=== Dataset entries ===

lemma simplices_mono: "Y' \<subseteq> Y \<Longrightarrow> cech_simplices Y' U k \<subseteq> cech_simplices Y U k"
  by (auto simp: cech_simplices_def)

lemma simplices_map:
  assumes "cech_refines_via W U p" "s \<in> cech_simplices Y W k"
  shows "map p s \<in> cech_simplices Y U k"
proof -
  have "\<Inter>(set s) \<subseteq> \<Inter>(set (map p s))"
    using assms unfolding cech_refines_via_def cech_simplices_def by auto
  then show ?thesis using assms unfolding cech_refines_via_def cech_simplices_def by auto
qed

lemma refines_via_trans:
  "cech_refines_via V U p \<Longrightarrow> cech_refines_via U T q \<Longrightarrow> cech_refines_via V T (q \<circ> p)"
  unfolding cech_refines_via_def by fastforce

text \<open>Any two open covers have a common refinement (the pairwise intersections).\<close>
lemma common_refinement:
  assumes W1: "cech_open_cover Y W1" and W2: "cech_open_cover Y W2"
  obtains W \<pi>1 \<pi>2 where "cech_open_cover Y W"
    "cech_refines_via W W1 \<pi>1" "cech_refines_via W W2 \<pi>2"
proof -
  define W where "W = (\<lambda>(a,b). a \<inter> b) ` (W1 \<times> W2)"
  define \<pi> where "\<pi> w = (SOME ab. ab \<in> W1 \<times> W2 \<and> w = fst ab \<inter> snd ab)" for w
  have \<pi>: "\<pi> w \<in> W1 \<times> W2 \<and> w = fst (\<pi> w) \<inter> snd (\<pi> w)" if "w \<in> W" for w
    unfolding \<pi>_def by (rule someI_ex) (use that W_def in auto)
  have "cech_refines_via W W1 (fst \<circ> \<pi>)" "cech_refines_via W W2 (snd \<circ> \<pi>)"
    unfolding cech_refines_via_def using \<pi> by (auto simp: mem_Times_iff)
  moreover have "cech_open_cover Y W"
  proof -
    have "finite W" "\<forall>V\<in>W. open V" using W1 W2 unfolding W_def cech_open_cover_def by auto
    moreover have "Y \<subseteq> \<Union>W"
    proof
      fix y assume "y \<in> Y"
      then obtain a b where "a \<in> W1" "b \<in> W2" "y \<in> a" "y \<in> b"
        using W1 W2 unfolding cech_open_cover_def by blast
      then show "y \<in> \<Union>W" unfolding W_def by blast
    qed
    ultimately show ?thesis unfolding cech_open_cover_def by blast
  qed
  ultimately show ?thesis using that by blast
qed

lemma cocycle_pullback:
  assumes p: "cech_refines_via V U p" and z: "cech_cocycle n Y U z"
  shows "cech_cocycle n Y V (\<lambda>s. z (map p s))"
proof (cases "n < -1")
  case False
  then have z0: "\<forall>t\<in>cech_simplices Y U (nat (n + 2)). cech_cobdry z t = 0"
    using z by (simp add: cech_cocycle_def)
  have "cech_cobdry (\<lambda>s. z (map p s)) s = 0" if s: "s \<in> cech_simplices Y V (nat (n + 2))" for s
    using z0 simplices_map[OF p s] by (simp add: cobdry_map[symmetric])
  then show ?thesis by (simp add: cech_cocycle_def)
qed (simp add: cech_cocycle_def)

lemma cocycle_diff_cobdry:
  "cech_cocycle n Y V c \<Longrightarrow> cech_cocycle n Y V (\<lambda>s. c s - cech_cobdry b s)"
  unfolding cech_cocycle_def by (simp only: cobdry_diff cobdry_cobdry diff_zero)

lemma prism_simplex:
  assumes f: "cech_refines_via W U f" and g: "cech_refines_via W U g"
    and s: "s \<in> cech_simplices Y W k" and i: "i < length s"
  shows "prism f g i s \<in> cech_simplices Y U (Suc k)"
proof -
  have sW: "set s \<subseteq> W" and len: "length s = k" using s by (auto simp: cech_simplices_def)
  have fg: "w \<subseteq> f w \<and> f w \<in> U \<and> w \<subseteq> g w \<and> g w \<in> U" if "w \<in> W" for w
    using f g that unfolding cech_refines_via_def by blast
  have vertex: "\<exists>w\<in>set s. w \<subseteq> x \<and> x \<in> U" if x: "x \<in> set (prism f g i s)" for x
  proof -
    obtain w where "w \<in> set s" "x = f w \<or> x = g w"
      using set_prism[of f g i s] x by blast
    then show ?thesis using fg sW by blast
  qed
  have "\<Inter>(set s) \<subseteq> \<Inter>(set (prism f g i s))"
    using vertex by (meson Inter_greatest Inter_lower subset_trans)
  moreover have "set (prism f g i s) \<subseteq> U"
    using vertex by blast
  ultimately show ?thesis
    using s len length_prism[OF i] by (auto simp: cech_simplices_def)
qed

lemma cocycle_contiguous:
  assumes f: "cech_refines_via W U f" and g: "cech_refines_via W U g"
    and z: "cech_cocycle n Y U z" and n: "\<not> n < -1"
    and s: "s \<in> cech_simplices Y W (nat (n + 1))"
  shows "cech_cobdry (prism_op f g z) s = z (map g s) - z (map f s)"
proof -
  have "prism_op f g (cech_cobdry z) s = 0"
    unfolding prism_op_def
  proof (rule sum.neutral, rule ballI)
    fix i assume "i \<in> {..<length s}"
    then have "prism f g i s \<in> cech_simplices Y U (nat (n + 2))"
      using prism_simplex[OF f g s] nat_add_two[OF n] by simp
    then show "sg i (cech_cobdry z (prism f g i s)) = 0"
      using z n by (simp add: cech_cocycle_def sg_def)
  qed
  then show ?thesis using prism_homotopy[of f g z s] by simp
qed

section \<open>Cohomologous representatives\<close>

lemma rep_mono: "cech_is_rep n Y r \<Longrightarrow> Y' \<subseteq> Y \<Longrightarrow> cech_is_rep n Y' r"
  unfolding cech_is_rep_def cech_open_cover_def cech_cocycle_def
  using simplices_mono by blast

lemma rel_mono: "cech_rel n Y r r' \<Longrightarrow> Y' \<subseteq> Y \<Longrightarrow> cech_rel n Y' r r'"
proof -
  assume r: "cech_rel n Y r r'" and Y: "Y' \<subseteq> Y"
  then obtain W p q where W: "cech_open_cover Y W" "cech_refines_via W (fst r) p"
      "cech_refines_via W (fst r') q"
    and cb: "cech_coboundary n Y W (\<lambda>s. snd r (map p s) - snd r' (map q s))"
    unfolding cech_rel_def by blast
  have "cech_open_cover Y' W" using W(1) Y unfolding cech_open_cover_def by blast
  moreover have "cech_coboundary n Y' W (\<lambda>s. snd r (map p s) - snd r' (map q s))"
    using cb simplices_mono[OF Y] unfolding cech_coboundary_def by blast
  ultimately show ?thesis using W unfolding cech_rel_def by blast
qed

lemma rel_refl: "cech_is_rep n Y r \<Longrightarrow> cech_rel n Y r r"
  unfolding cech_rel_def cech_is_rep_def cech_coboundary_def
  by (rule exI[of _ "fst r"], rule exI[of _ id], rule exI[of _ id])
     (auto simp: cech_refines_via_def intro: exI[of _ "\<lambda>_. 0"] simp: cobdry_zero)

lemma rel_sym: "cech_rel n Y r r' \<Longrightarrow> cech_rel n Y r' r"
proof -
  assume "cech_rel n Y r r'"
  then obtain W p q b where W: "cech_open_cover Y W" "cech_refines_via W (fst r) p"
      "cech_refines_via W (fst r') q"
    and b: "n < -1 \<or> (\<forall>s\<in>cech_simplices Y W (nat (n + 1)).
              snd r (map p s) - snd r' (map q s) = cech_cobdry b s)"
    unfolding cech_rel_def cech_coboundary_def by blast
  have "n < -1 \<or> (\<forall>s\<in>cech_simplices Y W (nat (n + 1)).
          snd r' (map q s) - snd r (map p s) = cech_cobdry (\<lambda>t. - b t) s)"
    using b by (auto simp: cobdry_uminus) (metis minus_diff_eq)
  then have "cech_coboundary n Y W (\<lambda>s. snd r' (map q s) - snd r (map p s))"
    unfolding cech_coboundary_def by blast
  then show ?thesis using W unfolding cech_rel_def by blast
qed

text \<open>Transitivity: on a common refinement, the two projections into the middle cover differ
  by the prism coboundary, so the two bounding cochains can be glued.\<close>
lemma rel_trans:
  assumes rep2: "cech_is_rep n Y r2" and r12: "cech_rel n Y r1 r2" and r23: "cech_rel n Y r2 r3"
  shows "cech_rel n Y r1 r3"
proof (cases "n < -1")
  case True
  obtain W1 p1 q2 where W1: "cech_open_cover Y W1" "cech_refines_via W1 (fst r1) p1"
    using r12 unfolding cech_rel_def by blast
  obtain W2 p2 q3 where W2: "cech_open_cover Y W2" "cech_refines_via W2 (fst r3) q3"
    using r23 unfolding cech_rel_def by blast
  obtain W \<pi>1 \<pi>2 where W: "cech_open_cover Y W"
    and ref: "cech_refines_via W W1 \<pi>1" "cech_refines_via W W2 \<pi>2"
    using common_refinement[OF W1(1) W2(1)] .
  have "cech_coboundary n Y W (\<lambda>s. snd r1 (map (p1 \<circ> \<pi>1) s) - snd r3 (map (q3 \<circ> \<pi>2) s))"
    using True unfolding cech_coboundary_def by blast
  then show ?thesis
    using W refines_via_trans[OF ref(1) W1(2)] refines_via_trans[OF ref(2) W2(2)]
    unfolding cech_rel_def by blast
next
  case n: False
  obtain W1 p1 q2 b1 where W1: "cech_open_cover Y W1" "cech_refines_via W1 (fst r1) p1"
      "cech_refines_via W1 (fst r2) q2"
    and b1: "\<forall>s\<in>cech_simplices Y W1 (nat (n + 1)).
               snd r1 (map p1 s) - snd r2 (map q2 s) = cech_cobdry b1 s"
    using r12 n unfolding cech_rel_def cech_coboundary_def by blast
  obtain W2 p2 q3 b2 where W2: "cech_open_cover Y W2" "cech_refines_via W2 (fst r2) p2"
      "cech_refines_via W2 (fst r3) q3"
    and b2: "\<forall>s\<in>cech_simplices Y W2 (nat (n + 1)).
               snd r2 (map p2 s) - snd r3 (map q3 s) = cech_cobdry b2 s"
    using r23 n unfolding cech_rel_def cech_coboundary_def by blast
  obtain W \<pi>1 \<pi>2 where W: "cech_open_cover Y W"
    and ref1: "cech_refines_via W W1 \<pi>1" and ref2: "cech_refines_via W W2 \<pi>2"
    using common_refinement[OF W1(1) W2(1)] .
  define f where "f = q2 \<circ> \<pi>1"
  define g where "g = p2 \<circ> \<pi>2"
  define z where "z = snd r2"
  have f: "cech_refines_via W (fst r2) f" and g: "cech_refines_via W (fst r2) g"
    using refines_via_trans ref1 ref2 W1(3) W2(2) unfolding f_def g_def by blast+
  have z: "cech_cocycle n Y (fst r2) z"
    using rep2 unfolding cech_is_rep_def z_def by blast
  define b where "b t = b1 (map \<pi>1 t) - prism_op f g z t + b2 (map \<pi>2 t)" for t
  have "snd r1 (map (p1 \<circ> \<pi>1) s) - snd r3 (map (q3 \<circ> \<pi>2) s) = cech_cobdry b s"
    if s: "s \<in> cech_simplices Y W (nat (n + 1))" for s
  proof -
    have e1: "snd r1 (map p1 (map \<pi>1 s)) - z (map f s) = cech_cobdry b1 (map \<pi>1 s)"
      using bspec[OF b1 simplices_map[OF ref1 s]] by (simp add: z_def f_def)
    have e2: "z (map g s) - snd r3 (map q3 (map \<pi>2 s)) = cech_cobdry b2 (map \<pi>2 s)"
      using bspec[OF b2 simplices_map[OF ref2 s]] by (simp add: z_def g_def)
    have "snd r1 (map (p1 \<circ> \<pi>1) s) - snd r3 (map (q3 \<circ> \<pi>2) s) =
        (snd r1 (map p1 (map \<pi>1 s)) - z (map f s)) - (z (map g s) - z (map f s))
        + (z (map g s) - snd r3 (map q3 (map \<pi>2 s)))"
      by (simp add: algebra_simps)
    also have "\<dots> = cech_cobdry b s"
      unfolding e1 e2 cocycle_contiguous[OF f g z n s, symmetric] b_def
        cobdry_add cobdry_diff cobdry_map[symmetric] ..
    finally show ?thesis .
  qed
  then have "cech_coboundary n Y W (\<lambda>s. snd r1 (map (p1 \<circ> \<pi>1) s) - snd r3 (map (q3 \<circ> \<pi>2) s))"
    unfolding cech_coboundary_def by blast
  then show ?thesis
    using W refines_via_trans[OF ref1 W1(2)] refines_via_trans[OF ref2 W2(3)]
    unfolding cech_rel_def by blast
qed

===

# What is required:
Could you set down, word for word, only the lines above from the line with "s. w \<subseteq>" to the line with "using prism_simplex[OF f", including both?

# Written solution:
  have vertex: "\<exists>w\<in>set s. w \<subseteq> x \<and> x \<in> U" if x: "x \<in> set (prism f g i s)" for x
  proof -
    obtain w where "w \<in> set s" "x = f w \<or> x = g w"
      using set_prism[of f g i s] x by blast
    then show ?thesis using fg sW by blast
  qed
  have "\<Inter>(set s) \<subseteq> \<Inter>(set (prism f g i s))"
    using vertex by (meson Inter_greatest Inter_lower subset_trans)
  moreover have "set (prism f g i s) \<subseteq> U"
    using vertex by blast
  ultimately show ?thesis
    using s len length_prism[OF i] by (auto simp: cech_simplices_def)
qed

lemma cocycle_contiguous:
  assumes f: "cech_refines_via W U f" and g: "cech_refines_via W U g"
    and z: "cech_cocycle n Y U z" and n: "\<not> n < -1"
    and s: "s \<in> cech_simplices Y W (nat (n + 1))"
  shows "cech_cobdry (prism_op f g z) s = z (map g s) - z (map f s)"
proof -
  have "prism_op f g (cech_cobdry z) s = 0"
    unfolding prism_op_def
  proof (rule sum.neutral, rule ballI)
    fix i assume "i \<in> {..<length s}"
    then have "prism f g i s \<in> cech_simplices Y U (nat (n + 2))"
      using prism_simplex[OF f g s] nat_add_two[OF n] by simp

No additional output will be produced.